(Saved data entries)
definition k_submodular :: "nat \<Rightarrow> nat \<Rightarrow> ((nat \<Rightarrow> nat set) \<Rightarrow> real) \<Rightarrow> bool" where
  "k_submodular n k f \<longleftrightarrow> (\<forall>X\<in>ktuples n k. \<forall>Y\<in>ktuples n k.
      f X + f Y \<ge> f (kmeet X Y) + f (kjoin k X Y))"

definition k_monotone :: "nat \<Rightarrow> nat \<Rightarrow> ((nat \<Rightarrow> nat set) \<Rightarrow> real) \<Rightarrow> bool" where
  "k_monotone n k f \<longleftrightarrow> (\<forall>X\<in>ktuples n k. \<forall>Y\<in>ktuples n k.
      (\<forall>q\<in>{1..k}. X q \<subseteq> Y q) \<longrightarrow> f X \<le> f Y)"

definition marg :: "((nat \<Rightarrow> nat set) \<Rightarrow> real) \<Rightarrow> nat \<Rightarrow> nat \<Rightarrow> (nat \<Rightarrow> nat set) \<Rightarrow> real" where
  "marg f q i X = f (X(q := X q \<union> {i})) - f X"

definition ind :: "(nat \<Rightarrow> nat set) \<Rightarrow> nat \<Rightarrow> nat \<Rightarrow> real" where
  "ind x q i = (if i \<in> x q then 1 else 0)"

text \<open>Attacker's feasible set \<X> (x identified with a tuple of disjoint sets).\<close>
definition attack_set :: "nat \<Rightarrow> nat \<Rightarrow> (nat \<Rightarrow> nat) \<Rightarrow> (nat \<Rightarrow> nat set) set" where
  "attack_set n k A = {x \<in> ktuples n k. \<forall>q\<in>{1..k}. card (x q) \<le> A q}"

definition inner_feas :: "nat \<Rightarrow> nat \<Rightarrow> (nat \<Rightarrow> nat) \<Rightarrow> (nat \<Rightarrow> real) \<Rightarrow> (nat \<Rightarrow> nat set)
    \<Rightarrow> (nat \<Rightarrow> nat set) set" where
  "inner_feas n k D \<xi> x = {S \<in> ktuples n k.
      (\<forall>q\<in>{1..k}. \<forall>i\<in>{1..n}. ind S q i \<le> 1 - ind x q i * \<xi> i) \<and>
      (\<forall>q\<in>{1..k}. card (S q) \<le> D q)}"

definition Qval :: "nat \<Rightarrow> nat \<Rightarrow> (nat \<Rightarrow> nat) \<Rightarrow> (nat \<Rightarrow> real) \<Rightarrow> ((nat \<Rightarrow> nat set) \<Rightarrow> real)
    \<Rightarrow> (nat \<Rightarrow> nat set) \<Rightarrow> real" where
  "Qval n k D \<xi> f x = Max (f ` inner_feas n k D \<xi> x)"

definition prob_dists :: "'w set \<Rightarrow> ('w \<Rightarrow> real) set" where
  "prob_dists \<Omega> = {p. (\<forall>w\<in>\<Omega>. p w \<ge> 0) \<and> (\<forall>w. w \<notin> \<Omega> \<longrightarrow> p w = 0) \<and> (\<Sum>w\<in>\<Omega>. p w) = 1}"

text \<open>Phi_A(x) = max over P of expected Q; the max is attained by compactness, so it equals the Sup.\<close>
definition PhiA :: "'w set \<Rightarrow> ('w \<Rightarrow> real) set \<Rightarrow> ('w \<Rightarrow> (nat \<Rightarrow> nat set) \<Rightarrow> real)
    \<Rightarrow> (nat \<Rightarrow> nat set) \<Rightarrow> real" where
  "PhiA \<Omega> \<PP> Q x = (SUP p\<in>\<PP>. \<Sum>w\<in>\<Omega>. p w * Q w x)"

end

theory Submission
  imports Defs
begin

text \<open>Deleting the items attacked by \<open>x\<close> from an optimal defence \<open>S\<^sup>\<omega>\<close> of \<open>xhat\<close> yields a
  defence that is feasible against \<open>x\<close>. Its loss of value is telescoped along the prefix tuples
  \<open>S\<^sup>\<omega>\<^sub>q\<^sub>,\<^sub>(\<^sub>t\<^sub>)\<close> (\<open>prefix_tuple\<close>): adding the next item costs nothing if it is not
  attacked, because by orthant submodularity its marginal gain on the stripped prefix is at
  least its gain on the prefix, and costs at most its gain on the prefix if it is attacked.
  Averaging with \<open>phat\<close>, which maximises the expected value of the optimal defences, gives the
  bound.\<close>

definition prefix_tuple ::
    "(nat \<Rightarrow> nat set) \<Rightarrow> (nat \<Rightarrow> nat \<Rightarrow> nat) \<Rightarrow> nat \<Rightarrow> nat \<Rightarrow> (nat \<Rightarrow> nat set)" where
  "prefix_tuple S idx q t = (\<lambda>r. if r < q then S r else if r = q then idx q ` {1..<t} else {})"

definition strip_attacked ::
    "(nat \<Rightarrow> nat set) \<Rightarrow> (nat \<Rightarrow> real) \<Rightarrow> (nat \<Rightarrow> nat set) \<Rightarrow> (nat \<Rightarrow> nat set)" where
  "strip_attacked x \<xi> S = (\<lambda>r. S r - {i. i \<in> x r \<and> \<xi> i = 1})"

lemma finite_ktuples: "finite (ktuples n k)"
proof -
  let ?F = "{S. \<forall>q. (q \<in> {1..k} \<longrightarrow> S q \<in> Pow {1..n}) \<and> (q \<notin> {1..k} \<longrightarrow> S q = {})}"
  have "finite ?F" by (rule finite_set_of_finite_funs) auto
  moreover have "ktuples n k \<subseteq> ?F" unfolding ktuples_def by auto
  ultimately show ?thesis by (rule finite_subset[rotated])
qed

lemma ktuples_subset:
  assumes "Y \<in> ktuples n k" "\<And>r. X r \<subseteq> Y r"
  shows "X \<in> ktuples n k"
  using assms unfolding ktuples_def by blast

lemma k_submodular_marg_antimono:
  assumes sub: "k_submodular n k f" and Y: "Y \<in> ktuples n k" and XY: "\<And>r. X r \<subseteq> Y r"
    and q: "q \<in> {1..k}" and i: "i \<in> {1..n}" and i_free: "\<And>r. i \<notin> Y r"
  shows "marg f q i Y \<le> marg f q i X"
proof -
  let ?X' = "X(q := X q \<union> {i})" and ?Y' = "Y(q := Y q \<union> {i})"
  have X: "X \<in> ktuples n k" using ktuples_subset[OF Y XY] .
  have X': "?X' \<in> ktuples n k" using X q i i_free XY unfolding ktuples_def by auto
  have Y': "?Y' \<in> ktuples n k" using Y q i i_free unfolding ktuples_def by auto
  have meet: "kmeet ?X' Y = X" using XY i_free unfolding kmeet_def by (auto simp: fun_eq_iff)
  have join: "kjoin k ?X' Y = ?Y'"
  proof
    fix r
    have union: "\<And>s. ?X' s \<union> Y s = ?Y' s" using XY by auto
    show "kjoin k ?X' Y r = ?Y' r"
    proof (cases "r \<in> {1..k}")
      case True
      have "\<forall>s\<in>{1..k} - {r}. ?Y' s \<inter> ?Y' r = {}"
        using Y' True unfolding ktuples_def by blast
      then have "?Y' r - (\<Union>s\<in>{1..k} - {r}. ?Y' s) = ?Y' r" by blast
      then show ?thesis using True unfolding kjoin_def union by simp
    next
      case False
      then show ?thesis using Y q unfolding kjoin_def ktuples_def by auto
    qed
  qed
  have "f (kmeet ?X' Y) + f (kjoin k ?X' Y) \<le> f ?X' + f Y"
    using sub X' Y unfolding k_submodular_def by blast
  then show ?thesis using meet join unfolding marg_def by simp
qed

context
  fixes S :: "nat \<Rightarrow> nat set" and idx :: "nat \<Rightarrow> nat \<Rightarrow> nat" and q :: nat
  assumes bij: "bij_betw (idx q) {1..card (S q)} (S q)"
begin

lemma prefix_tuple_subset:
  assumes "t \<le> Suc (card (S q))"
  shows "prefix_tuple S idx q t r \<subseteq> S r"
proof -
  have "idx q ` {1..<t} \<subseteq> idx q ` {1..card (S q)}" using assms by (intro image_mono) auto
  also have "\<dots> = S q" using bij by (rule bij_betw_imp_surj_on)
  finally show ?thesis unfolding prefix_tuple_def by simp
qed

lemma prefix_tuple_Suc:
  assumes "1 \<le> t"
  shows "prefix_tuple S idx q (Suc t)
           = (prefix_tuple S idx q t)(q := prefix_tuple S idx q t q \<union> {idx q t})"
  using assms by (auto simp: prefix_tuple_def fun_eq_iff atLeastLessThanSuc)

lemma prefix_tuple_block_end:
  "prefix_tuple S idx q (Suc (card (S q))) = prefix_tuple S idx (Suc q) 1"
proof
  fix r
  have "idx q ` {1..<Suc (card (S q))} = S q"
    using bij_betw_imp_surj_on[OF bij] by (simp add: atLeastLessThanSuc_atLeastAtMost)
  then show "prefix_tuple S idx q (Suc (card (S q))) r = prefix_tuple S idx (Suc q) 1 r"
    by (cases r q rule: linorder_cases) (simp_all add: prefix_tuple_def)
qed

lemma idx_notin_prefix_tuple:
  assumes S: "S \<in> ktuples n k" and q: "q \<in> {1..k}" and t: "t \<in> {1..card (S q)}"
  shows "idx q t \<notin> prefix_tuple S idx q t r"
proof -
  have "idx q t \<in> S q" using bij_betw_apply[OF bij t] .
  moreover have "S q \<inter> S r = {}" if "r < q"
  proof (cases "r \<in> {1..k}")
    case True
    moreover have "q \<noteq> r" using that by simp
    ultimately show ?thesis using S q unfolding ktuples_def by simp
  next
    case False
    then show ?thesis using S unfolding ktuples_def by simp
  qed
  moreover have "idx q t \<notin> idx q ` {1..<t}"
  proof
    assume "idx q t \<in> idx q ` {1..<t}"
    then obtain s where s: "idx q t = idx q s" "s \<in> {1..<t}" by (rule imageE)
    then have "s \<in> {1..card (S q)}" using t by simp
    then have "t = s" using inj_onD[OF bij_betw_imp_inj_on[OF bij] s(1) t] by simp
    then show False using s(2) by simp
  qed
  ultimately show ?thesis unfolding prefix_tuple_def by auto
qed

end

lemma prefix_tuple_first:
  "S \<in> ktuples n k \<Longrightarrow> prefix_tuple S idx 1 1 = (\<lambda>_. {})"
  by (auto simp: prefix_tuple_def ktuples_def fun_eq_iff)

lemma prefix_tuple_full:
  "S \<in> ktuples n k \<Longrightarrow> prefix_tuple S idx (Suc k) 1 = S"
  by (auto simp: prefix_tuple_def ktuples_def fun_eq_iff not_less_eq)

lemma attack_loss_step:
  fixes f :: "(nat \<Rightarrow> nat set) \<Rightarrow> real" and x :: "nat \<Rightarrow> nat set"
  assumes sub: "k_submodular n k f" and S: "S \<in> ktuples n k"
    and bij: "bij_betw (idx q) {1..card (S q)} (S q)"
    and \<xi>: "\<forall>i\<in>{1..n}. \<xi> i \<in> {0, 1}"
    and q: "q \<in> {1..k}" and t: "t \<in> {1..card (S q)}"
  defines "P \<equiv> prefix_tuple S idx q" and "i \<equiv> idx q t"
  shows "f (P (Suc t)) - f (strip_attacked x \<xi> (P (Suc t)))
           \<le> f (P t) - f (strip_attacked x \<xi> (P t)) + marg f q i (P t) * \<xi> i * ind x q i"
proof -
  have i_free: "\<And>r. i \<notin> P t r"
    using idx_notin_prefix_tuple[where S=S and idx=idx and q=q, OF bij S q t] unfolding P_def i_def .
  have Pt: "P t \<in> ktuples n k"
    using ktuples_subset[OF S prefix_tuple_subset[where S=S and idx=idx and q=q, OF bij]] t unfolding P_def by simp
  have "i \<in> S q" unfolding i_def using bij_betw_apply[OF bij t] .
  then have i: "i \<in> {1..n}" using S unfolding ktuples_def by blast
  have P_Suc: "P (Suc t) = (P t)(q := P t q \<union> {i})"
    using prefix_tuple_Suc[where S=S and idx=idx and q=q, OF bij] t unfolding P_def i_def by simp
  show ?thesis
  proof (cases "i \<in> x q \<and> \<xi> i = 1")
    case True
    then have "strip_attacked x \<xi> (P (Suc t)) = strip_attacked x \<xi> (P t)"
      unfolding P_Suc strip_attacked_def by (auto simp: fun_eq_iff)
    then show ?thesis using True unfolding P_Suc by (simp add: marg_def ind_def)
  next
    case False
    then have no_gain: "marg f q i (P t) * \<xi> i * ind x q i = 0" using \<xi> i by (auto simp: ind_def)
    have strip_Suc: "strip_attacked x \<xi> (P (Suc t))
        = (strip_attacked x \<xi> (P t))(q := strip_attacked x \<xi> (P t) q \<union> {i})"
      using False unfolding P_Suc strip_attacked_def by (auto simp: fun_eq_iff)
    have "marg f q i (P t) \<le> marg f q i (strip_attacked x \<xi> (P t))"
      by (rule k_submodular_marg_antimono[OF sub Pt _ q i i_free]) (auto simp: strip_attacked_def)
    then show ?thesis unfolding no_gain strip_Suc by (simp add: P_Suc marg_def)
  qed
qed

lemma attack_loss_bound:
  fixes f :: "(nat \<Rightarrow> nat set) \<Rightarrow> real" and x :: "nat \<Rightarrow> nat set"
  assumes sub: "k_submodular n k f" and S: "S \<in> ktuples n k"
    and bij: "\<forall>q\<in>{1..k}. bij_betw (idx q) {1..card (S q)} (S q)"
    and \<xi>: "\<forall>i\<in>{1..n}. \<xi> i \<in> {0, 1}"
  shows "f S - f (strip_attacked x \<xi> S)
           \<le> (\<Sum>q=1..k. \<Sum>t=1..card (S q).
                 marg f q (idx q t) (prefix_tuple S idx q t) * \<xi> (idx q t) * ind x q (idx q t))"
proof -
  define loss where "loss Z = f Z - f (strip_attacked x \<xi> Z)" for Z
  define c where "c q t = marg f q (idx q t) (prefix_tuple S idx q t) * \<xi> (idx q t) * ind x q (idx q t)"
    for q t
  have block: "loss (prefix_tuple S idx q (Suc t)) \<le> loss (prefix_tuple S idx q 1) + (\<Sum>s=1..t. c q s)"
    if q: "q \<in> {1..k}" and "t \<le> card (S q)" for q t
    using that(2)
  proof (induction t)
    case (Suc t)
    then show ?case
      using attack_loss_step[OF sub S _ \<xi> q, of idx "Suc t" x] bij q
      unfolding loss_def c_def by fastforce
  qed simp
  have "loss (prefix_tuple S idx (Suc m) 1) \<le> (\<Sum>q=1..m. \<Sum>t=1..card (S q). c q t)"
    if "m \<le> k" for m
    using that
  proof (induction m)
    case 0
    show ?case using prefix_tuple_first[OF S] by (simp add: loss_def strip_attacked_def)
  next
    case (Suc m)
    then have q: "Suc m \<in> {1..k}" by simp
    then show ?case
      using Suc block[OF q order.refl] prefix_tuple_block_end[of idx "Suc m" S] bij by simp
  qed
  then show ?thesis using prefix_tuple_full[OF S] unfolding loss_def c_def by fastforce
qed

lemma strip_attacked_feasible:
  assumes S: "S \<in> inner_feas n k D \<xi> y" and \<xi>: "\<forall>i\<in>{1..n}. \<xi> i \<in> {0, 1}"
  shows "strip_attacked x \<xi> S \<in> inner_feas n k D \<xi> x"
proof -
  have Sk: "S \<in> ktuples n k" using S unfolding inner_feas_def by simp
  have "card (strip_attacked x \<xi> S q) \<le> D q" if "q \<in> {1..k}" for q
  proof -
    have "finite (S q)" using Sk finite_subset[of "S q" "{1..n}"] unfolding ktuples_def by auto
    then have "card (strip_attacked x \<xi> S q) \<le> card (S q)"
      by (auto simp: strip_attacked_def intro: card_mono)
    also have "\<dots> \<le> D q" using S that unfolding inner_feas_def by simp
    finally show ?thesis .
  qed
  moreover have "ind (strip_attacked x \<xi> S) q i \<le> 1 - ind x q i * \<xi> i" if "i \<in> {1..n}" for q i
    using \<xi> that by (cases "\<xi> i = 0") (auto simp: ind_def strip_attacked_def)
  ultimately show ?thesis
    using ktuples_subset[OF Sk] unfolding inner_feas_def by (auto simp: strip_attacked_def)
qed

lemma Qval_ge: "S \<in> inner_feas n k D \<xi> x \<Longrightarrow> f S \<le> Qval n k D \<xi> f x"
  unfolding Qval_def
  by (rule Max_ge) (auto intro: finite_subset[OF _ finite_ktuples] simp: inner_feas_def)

* **TASK DETAILS**
As listed above, the lines from the line with "define loss where" to the line with "S unfolding inner_feas_def by simp" are to be echoed exactly, with both ends included and nothing added.

* **ANSWER TO THIS EXERCISE**
  define loss where "loss Z = f Z - f (strip_attacked x \<xi> Z)" for Z
  define c where "c q t = marg f q (idx q t) (prefix_tuple S idx q t) * \<xi> (idx q t) * ind x q (idx q t)"
    for q t
  have block: "loss (prefix_tuple S idx q (Suc t)) \<le> loss (prefix_tuple S idx q 1) + (\<Sum>s=1..t. c q s)"
    if q: "q \<in> {1..k}" and "t \<le> card (S q)" for q t
    using that(2)
  proof (induction t)
    case (Suc t)
    then show ?case
      using attack_loss_step[OF sub S _ \<xi> q, of idx "Suc t" x] bij q
      unfolding loss_def c_def by fastforce
  qed simp
  have "loss (prefix_tuple S idx (Suc m) 1) \<le> (\<Sum>q=1..m. \<Sum>t=1..card (S q). c q t)"
    if "m \<le> k" for m
    using that
  proof (induction m)
    case 0
    show ?case using prefix_tuple_first[OF S] by (simp add: loss_def strip_attacked_def)
  next
    case (Suc m)
    then have q: "Suc m \<in> {1..k}" by simp
    then show ?case
      using Suc block[OF q order.refl] prefix_tuple_block_end[of idx "Suc m" S] bij by simp
  qed
  then show ?thesis using prefix_tuple_full[OF S] unfolding loss_def c_def by fastforce
qed

lemma strip_attacked_feasible:
  assumes S: "S \<in> inner_feas n k D \<xi> y" and \<xi>: "\<forall>i\<in>{1..n}. \<xi> i \<in> {0, 1}"
  shows "strip_attacked x \<xi> S \<in> inner_feas n k D \<xi> x"
proof -
  have Sk: "S \<in> ktuples n k" using S unfolding inner_feas_def by simp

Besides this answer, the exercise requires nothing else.